Richard B. Gaffin comments on the term “all” in 1 Cor. 12:13.

Who is it that has been baptized with the Spirit? Paul’s answer is not only plain but emphatic: “we all.” “All,” of course, does not have an indiscriminately universal reference; it is the all of the one body, the church. (Richard B. Gaffin, Jr., Perspectives on Pentecost, Phillipsburg: Presbyterian and Reformed Publishing Co., 1979, 29)

     Richard B. Gaffin insists that the word “we all” in 1 Cor. 12:13 is “the all of the one body, the church.” It would follow then that the all of the one body, all believers in the church has been baptized with the Spirit. This seems to be right but this is quite erroneous because it is based on the mistranslation and misinterpretation of 1 Cor. 12:13.

Billy Graham comments on the term “all” in 1 Cor. 12:13.

In like manner, all believers are baptized with the Holy Spirit. This does not mean, however, that they are filled or controlled by the Spirit.
Since the baptism with the Spirit occurs at the time of regeneration, Christians are never told in Scripture to seek it. Nowhere in the New Testament is there a command to be baptized with the Holy Spirit. (Ibid., 79-80.) All Christians are committed to be filled with the Spirit. (Billy Graham, The Holy Spirit, 68,114.)

     This note indicates (1) that all believers are baptized with the Holy Spirit, (2) that all Christians are not committed to be baptized with the Spirit, but (3) all Christians are committed to be filled with the Spirit. These notes are thoroughly unbiblical.

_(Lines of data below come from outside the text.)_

theorem proposition1:
  fixes a b :: int and u :: "nat \<Rightarrow> nat" and i :: nat and L1 L2 :: "int \<times> int"
  assumes "coprime a b" and "0 < a" and "a \<le> b"
    and "u 0 = 0"
    and "\<And>k. 1 \<le> k \<Longrightarrow> k \<le> 2 * i + 1 \<Longrightarrow> 1 \<le> u k"
    and "real_of_int a / real_of_int b = cf_value (map (\<lambda>k. real (u k)) [0..<2 * i + 2])"
    and "L1 \<in> standard_line a b 0"
    and "a * fst L1 - b * snd L1 = a + b - 1"
    and "0 < fst L1" and "fst L1 \<le> b"
    and "L2 = (fst L1 + b, snd L1 + a)"
  shows "(fst L1 - 0, snd L1 - 0) =
           ((int (u (2 * i + 1)) - 1) * cf_q u (2 * int i) + cf_q u (2 * int i - 1) + 1,
            (int (u (2 * i + 1)) - 1) * cf_p u (2 * int i) + cf_p u (2 * int i - 1) - 1)
    \<and> (b - fst L1, a - snd L1) = (cf_q u (2 * int i) - 1, cf_p u (2 * int i) + 1)
    \<and> (\<exists>v. freeman_word (standard_line a b 0) (0, 0) L1
               = concat (replicate (u (2 * i + 1) - 1) (cf_E u (2 * int i))) @ v)
    \<and> (\<exists>v. freeman_word (standard_line a b 0) L1 (b, a)
               = v @ concat (replicate (u (2 * i)) (cf_E u (2 * int i - 1))))"
proof -
  define m where "m = 2 * i"
  have idx: "2 * i = m" "2 * int i = int m" "even m" by (simp_all add: m_def)
  define U p q p' q' where "U = u (Suc m)" and "p = cf_pp u (Suc m)" and "q = cf_qq u (Suc m)"
    and "p' = cf_pp u m" and "q' = cf_qq u m"
  have U: "1 \<le> U" using assms(5) by (simp add: U_def m_def)
  have convergent: "a = cf_pp u (Suc (Suc m)) \<and> b = cf_qq u (Suc (Suc m))"
    using reduced_fraction_eq_convergent[of a b u m] assms(1-4,6) U by (simp add: m_def U_def)
  then have ab: "a = int U * p + p'" "b = int U * q + q'"
    by (simp_all add: U_def p_def q_def p'_def q'_def)
  have det: "a * q - b * p = 1"
    using cf_convergents_det[of u "Suc m"] idx(3) ab by (simp add: U_def p_def q_def p'_def q'_def algebra_simps)
  have "1 \<le> q" unfolding q_def using assms(5) by (intro cf_qq_ge_1) (simp add: m_def)
  moreover have "q \<le> int U * q" using U \<open>1 \<le> q\<close> by (simp add: mult_le_cancel_right1)
  then have "q \<le> b" using ab cf_qq_nonneg[of u m] by (simp add: q'_def)
  ultimately have L1: "L1 = (b - q + 1, a - p - 1)"
    using lower_leaning_point_eq[OF assms(1) det] assms(8-10) by (metis prod.collapse)
  have "is_pattern a b (cf_EE u (Suc (Suc m)))" using is_pattern_cf_EE convergent by metis
  from freeman_words_at_lower_leaning_point[OF idx(3) assms(4) _ this assms(7)] U L1 ab
  have "prefix (concat (replicate (U - 1) (cf_EE u (Suc m)))) (freeman_word (standard_line a b 0) (0, 0) L1)"
    "suffix (concat (replicate (u m) (cf_EE u m))) (freeman_word (standard_line a b 0) L1 (b, a))"
    by (simp_all add: U_def p_def q_def p'_def q'_def algebra_simps)
  with L1 ab show ?thesis unfolding idx(1,2)
    by (simp add: U_def p_def q_def p'_def q'_def cf_p_of_nat cf_p_of_nat_minus_1 cf_q_of_nat
        cf_q_of_nat_minus_1 cf_E_of_nat cf_E_of_nat_minus_1 prefix_def suffix_def algebra_simps)
qed

end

Why? “To be baptized with the Spirit” is the same meaning as “to be filled with the Spirit.” The four Gospels confirm that in Israel there were many Christian believers besides the  120 believers who were baptized with/in the Holy Spirit (and with/in fire) at Pentecost. So the teaching “All believers are baptized with the Spirit” is from the mistranslation of the term “all” in 1 Cor. 12:13. There is no scriptural reference to indicate that all believers are baptized with/in the Holy Spirit at the time of regeneration.

Frederick D. Bruner comments on the term “all” in 1 Cor. 12:13.

In 1 Corinthians 12:13 Paul is not teaching an unusual spiritual baptism won by only a few, he is teaching the gracious Christian baptism through the Spirit given to all.  All Christians are baptized by one Spirit, Paul insists, “into one body.” (Frederick D. Bruner, A Theology of the Holy Spirit, 292, 293.)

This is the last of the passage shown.